However, Mousavian teaches a machine learning system that generates grasp poses that can be used by a robot to manipulate an object comprises constructing a machine learning model based on the combined point cloud data as an input to a convolution neural network (see at least: [0079] “Various embodiments apply deep learning to 3D point cloud data. In some examples, 3D data are represented as 3D voxels or as extracted features from 2.5 depth images and processed using convolutional neural networks.”; [0538] “In at least one embodiment, training system 4504 may be used to perform training, deployment, and implementation of machine learning models (e.g., neural networks, object detection algorithms, computer vision algorithms, etc.) for use in deployment system 4506.”); 
outputting, via the machine learning model, a decision classification indicative of a first probability associated with a first operating mode and a second probability associated with a second operating mode (see at least: [0087] “In at least one embodiment, in order to detect and refine these negative grasps, an evaluation module is trained to predict P(S|g, X), i.e., the probability of success for a grasp g and the observed point cloud X In at least one embodiment, applied to a sampled grasp, the evaluation module predicts grasp success and propagates the success gradient back through the network to generate an improved grasp pose. In at least one embodiment, this process is repeated. In at least one embodiment, discarding all grasps that remain below a threshold provides the final set of high quality grasps, an example of which is illustrated in FIG. 4.”); and
operating the robotic item handler according to the first operating mode in response to the first probability being higher than the second probability and operating the robotic item handler according to the second operating mode in response to the second probability being higher than the first probability (see at least: [0087] “In at least one embodiment, discarding all grasps that remain below a threshold provides the final set of high quality grasps, an example of which is illustrated in FIG. 4.”; [0132]  “In at least one embodiment, the measure is a probability that the grasp pose will succeed, where success is measured by the chance that the grasp will allow performance of a defined object-manipulation task. In at least one embodiment, the measure is an proportional indication of grasp security. In at least one embodiment, the evaluation network provides a differentiable measure of the quality of the grasp.”; [0133] “In at least one embodiment, if the grasp is sufficiently refined, executed advances to block 1514 and the refined grasp is used to direct a robot to grasp the object.”).  
Therefore, it would have been obvious to someone of ordinary skill in the art before the effective filing date of the claimed invention to have modified Islam to incorporate the teachings of Mousavian and provide a method of constructing a machine learning model based on the combined point cloud data as an input to a convolution neural network; outputting, via the machine learning model, a decision classification indicative of a first probability associated with a first operating mode and a second probability associated with a second operating mode; and operating the robotic item handler according to the first operating mode in response to the first probability being higher than the second probability and operating the robotic item handler according to the second operating mode in response to the second probability being higher than the first probability in order to provide a means to decide which operation mode is effective to proceed with. 
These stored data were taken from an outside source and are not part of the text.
(* For every integer $n\ge0$ and every $x>0$, $$\frac{2n}{x}+\frac{i_{n+1}(x)}{i_n(x)}-\frac{k_{n+1}(x)}{k_n(x)}<0 .$$
   Context: $i_n(x)=\sqrt{\frac{\pi}{2x}}\,I_{n+1/2}(x)$ and $k_n(x)=\sqrt{\frac{2}{\pi x}}\,K_{n+1/2}(x)$ are the modified spherical Bessel functions of the first and second kind, where $I_\nu$ and $K_\nu$ are the modified Bessel functions of the first and second kind. *)

theory Defs
  imports "HOL-Analysis.Analysis"
begin

text \<open>Modified Bessel function of the first kind (power series, DLMF 10.25.2),
  written with the reciprocal Gamma function so that it is defined for every real order.\<close>
definition bessel_I :: "real \<Rightarrow> real \<Rightarrow> real" where
  "bessel_I \<nu> x = (\<Sum>m. (x / 2) powr (2 * real m + \<nu>) * rGamma (real m + \<nu> + 1) / fact m)"

text \<open>Modified Bessel function of the second kind for non-integer order (DLMF 10.27.4);
  only half-integer orders are used below.\<close>
definition bessel_K :: "real \<Rightarrow> real \<Rightarrow> real" where
  "bessel_K \<nu> x = pi / 2 * (bessel_I (- \<nu>) x - bessel_I \<nu> x) / sin (\<nu> * pi)"

definition sph_i :: "nat \<Rightarrow> real \<Rightarrow> real" where
  "sph_i n x = sqrt (pi / (2 * x)) * bessel_I (real n + 1/2) x"

definition sph_k :: "nat \<Rightarrow> real \<Rightarrow> real" where
  "sph_k n x = sqrt (2 / (pi * x)) * bessel_K (real n + 1/2) x"

end

theory Submission
  imports Defs
begin

(* Put a_n = x i_{n+1}(x) / i_n(x) and b_n = x k_{n+1}(x) / k_n(x). The three-term recurrences
   of i_n and k_n become a_n (2n + 3 + a_{n+1}) = x^2 and b_{n+1} = x^2 / b_n + 2n + 3 with
   b_0 = x + 1 (from k_0(x) = e^{-x} / x), and the claim reads 2n + a_n - b_n < 0.
   With X_n = sqrt (x^2 + n^2) one has x^2 / (n + X_n) = X_n - n. Descending induction in steps
   of two, anchored where X_n <= n + 3, gives a_n <= X_n - n; ascending induction gives
   n + 1 + X_n <= b_n <= n + 1 + X_{n+1}. Hence 2n + a_n - b_n <= -1. *)

section \<open>Bounds for the ratio recurrences\<close>

lemma sqrt_sum_squares_minus_eq:
  fixes x n :: real
  assumes "0 \<le> n"
  shows "sqrt (x\<^sup>2 + n\<^sup>2) - n = x\<^sup>2 / (n + sqrt (x\<^sup>2 + n\<^sup>2))"
proof (cases "x = 0")
  case True
  then show ?thesis
    using assms by simp
next
  case False
  then have "n < sqrt (x\<^sup>2 + n\<^sup>2)"
    by (intro real_less_rsqrt) simp
  moreover have "(sqrt (x\<^sup>2 + n\<^sup>2))\<^sup>2 = x\<^sup>2 + n\<^sup>2"
    by simp
  ultimately show ?thesis
    using assms by (simp add: field_simps power2_eq_square)
qed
Regarding claim 2, Islam teaches the limitations of claim 1, further wherein the sensor devices are coupled the robotic item handler (see at least: [Page 5012] “The robot is equipped with a wide suite of sensors, such as RGB and depth sensors, that allow it to estimate occupancy of the trailer's walls, and estimate box poses which are used to construct W.”). 
Islam fails to explicitly teach the first sensor device is coupled to a robotic arm of the robotic item handler and the second sensor device is coupled to a platform of the robotic item handler.  
However, Wicks teaches a method, device, and system for a robotic carton unloader including the first sensor device is coupled to a robotic arm of the robotic item handler and the second sensor device is coupled to a platform of the robotic item handler (see at least: [Fig. 2 and 0052] “The robotic carton unloader 201 may include various mounting options for the various sensors 202-212. In particular, the robotic carton unloader 201 may include visual sensors 202, 206, 210 placed around the robotic carton unloader frame and robotic arm 115”). As discussed, Wicks teaches a first sensor 210 located at the robotic arm and second sensors 202 and 203 around the platform. 
Therefore, it would have been obvious to someone of ordinary skill in the art before the effective filing date of the claimed invention to have modified Islam to incorporate the teachings of Wicks and provide the first sensor device is coupled to a robotic arm of the robotic item handler and the second sensor device is coupled to a platform of the robotic item handler in order to provide another means of visualizing the environment and target object. 

Regarding claim 3, Islam teaches the limitations of claim 1, further wherein the robotic item handler is a robotic carton unloader configured for performing at least one of: loading and unloading of items (See at least: [Abstract] “autonomously unloading boxes from trucks using an industrial manipulator robot”).

Regarding claim 4, Islam teaches the limitations of claim 1, further wherein, the first operating mode is associated with picking an item by grasping the item using an end effector of a robotic arm of the robotic item handler; and the second operating mode is associated with sweeping a pile of items from an item docking station with a platform of the robotic item handler (see at least: [page 5011] “a custom built truck-unloading robot (Fig. 1a) equipped with a mobile omnidirectional base referred to as base and two articulated mechanisms-a manipulator-like tool with suction grippers and a scooper-like tool with conveyor belts, referred to as arm and nose, respectively.”; [Fig. 5 and page 5013] “The robot is capable of executing two high level actions-Pick and Sweep, both depicted in Fig. 5. Pick action works well in unloading boxes in structured walls, whereas the Sweep action is geared towards boxes lying in unstructured piles on the trailer floor.”). As discussed, Islam teaches the first operating mode as the pick action using arm end effector and the second operating mode as the sweep action using the nose (platform). 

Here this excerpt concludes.